### EXERCISE INSTRUCTIONS:
How many lines in the listing below include the word "functions"? Reply with the count alone.

DATA SHOWN section start

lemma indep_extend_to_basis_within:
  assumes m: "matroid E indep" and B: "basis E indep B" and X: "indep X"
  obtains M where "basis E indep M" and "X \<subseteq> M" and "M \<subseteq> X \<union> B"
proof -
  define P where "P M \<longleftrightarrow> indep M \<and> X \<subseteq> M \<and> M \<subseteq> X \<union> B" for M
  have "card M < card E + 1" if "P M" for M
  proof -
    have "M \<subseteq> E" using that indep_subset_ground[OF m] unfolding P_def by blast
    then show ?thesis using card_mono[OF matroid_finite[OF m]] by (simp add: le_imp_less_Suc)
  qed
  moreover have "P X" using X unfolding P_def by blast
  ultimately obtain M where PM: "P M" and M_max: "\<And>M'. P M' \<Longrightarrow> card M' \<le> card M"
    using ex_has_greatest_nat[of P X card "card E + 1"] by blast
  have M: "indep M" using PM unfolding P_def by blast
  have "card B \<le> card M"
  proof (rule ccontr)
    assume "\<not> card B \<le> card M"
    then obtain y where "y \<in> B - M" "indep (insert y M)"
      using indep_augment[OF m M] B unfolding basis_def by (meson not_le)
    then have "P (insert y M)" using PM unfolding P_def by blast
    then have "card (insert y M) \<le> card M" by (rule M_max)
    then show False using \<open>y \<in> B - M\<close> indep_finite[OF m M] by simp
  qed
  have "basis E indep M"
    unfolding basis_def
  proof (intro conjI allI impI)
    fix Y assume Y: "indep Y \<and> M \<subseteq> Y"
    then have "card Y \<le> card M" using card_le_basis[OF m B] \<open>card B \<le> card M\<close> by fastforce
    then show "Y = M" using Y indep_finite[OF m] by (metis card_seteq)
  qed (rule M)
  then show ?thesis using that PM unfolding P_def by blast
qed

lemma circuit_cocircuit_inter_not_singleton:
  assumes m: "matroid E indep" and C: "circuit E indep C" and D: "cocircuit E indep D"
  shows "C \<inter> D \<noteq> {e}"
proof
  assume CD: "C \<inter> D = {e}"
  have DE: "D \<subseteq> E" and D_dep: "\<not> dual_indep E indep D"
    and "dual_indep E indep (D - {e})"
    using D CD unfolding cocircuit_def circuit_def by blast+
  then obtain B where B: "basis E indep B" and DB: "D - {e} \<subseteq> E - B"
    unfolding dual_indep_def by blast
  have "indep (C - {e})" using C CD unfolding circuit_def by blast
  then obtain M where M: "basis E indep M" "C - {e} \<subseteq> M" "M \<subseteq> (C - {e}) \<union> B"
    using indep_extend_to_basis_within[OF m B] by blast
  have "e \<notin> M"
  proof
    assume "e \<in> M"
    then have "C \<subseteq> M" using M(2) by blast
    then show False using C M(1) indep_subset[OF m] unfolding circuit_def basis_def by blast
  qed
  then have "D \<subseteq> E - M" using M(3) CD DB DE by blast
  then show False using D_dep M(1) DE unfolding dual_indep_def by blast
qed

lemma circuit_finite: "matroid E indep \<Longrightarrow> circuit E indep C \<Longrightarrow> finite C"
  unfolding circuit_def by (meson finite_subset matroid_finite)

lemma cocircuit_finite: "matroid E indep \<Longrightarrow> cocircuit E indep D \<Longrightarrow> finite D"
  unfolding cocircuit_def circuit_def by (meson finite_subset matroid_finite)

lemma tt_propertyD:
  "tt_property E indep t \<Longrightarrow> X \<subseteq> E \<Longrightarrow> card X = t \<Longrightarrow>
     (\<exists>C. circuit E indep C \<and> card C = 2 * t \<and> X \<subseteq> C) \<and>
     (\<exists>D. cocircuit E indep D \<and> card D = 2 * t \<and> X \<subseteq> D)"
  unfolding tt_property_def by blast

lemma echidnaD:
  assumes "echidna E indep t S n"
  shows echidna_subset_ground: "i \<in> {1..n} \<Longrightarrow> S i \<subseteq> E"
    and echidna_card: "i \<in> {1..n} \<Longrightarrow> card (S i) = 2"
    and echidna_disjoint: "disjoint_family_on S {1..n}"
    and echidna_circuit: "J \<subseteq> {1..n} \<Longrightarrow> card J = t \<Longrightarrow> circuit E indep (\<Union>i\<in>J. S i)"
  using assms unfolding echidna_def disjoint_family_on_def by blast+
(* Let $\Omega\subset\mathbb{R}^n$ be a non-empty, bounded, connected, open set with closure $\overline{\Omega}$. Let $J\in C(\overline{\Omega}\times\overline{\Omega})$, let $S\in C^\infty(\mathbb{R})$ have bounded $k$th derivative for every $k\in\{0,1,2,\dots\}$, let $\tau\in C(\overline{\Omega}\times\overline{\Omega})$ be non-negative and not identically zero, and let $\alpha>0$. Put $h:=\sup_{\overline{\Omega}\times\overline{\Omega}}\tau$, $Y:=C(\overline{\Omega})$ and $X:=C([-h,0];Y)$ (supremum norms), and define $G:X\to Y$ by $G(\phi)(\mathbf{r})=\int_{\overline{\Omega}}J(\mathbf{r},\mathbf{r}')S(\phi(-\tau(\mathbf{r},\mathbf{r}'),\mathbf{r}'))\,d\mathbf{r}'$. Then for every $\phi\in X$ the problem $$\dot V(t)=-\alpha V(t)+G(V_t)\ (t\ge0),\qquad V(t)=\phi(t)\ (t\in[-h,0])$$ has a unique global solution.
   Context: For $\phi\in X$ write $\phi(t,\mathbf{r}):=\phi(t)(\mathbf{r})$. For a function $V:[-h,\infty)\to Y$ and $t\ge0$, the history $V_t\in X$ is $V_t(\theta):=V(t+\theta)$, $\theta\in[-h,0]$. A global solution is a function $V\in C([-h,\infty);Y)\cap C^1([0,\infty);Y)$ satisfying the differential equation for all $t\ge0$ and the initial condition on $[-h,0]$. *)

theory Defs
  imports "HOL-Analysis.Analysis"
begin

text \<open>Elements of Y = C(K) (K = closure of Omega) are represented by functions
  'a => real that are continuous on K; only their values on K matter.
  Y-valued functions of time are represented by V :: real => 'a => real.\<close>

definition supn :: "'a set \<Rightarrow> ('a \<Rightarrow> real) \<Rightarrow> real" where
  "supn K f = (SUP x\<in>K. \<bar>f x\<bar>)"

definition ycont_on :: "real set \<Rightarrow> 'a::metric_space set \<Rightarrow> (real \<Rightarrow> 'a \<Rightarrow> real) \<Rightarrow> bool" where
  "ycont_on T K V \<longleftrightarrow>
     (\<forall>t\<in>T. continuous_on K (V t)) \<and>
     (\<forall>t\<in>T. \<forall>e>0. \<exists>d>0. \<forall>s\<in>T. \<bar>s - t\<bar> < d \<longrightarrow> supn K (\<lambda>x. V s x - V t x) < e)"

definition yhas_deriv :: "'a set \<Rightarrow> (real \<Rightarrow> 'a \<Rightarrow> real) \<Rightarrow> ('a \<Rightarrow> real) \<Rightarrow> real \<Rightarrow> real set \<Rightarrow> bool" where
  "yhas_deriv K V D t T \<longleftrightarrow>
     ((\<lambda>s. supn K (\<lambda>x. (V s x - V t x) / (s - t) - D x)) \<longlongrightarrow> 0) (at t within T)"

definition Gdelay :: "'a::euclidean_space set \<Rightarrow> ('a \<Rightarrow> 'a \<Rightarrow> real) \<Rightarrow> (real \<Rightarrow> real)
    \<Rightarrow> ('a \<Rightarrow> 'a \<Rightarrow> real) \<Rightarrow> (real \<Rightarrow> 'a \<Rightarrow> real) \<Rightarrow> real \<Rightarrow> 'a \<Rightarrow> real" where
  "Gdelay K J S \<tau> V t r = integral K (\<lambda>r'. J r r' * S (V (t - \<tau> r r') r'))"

DATA SHOWN section end

### ANSWER TO THE PROBLEM:
2